#RivetingReviews: Jennifer Sarha reviews FIELDWORK IN UKRAINIAN SEX by Oksana Zabuzhko

‘I am gnawing on this thought until it has no more taste, just so that it would stop gnawing me.’

Oksana Zabuzhko is a major cultural figure in Ukraine: a novelist, a cultural critic, and above all a poet. Fieldwork in Ukrainian Sex was published in Ukrainian in 1996, and the (excellent) English translation by Halyna Hryn dates from 2011. It has so far been translated into fifteen languages. At the time of publication, it was considered provocative and controversial in its criticism of traditional gender relations. Reading the novel twenty-six years later, I can report that its daring has not diminished in power.
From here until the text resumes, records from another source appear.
lemma card_le_if_inj_into_vecs_on:
  assumes "inj_on f X" "f ` X \<subseteq> (vecs_on n T :: 'a :: {finite, zero} vec set)" "T \<subseteq> {..<n}"
  shows "card X \<le> card (UNIV :: 'a set) ^ card T"
  using card_mono[OF finite_vecs_on assms(2)] card_image[OF assms(1)] card_vecs_on[OF assms(3), where 'a = 'a]
  by simp

lemma subspace_vecs_on: "subspace class_ring (vecs_on n T) (module_vec TYPE('a :: field) n)"
  by (rule subspace.intro[OF vec_vs], rule submodule.intro[OF vec_module])
    (auto simp: vecs_on_def module_vec_simps)

section \<open>Shift matrices\<close>

definition shift_vec :: "nat \<Rightarrow> nat \<Rightarrow> 'a :: zero vec \<Rightarrow> 'a vec" where
  "shift_vec n k v = vec n (\<lambda>p. if k \<le> p then v $ (p - k) else 0)"

lemma shift_vec_carrier [simp]: "shift_vec n k v \<in> carrier_vec n"
  and dim_shift_vec [simp]: "dim_vec (shift_vec n k v) = n"
  and index_shift_vec [simp]: "p < n \<Longrightarrow> shift_vec n k v $ p = (if k \<le> p then v $ (p - k) else 0)"
  unfolding shift_vec_def by simp_all

lemma shift_vec_add:
  "u \<in> carrier_vec n \<Longrightarrow> w \<in> carrier_vec n \<Longrightarrow>
    shift_vec n k (u + w) = shift_vec n k u + shift_vec n k (w :: 'a :: monoid_add vec)"
  by (intro eq_vecI) auto

definition select_mat :: "nat \<Rightarrow> (nat \<Rightarrow> nat) \<Rightarrow> (nat \<Rightarrow> bool) \<Rightarrow> 'a :: {zero, one} mat" where
  "select_mat n f P = mat n n (\<lambda>(i, j). if P i \<and> j = f i then 1 else 0)"

lemma select_mat_carrier [simp]: "select_mat n f P \<in> carrier_mat n n"
  and dim_row_select_mat [simp]: "dim_row (select_mat n f P) = n"
  unfolding select_mat_def by simp_all

lemma select_mat_mult_vec:
  assumes "y \<in> carrier_vec n" "i < n"
  shows "(select_mat n f P *\<^sub>v y) $ i = (if P i \<and> f i < n then y $ f i else (0 :: 'a :: semiring_1))"
proof -
  have "(select_mat n f P *\<^sub>v y) $ i = (\<Sum>j\<in>{0..<n}. (if P i \<and> j = f i then 1 else 0) * y $ j)"
    using assms unfolding select_mat_def by (simp add: scalar_prod_def)
  also have "\<dots> = (\<Sum>j\<in>{0..<n}. if j = f i then (if P i then y $ j else 0) else 0)"
    by (rule sum.cong) auto
  also have "\<dots> = (if P i \<and> f i < n then y $ f i else 0)"
    by (subst sum.delta) auto
  finally show ?thesis .
qed
lemma discrete_maximum_principle:
  fixes e w lam mu :: "nat \<Rightarrow> real"
  assumes "2 \<le> n"
    and coeffs: "\<And>i. 2 \<le> i \<Longrightarrow> i < n \<Longrightarrow> i \<noteq> k \<Longrightarrow> 0 \<le> lam i \<and> 0 \<le> mu i \<and> lam i + mu i = 1"
    and sub: "\<And>i. 2 \<le> i \<Longrightarrow> i < n \<Longrightarrow> i \<noteq> k \<Longrightarrow> 2 * e i \<le> lam i * e (i-1) + mu i * e (Suc i) + R"
    and super: "\<And>i. 2 \<le> i \<Longrightarrow> i < n \<Longrightarrow> i \<noteq> k \<Longrightarrow> lam i * w (i-1) + mu i * w (Suc i) + R \<le> 2 * w i"
    and "e 1 \<le> w 1" "e n \<le> w n" "e k \<le> w k"
    and i: "i \<in> {1..n}"
  shows "e i \<le> w i"
proof (rule ccontr)
  assume "\<not> e i \<le> w i"
  define M where "M = Max ((\<lambda>j. e j - w j) ` {1..n})"
  have le_M: "e j - w j \<le> M" if "j \<in> {1..n}" for j
    unfolding M_def using that by simp
  obtain m where m: "m \<in> {1..n}" "e m - w m = M"
    using Max_in[of "(\<lambda>j. e j - w j) ` {1..n}"] i unfolding M_def by fastforce
  have "0 < M" using le_M[OF i] \<open>\<not> e i \<le> w i\<close> by linarith
  then have "m \<noteq> 1" "m \<noteq> n" "m \<noteq> k" using m assms(5-7) by auto
  then have interior: "2 \<le> m" "m < n" "m \<noteq> k" using m by auto
  have "m - 1 \<in> {1..n}" "Suc m \<in> {1..n}" using interior by auto
  note c = coeffs[OF interior]
  have "2 * M \<le> lam m * (e (m-1) - w (m-1)) + mu m * (e (Suc m) - w (Suc m))"
    using sub[OF interior] super[OF interior] m(2) by (simp add: algebra_simps)
  also have "\<dots> \<le> lam m * M + mu m * M"
    using c le_M[OF \<open>m - 1 \<in> {1..n}\<close>] le_M[OF \<open>Suc m \<in> {1..n}\<close>]
    by (intro add_mono mult_left_mono) auto
  also have "\<dots> = M" using c by (simp add: distrib_right[symmetric])
  finally show False using \<open>0 < M\<close> by simp
qed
It is radical already to offer an investigation into the sexual practices of a woman; to look – sometimes with clinical detachment, sometimes rueful amusement – at the position of a woman and its unvoiced expectations; to consider the urges of bodies without romanticising them; to dissect the romanticising that nevertheless gets done; and this with as much cynicism as the topic deserves. Her observations veer stylistically between poetic and analytical, always with an imperative to communicate, and always deeply funny. 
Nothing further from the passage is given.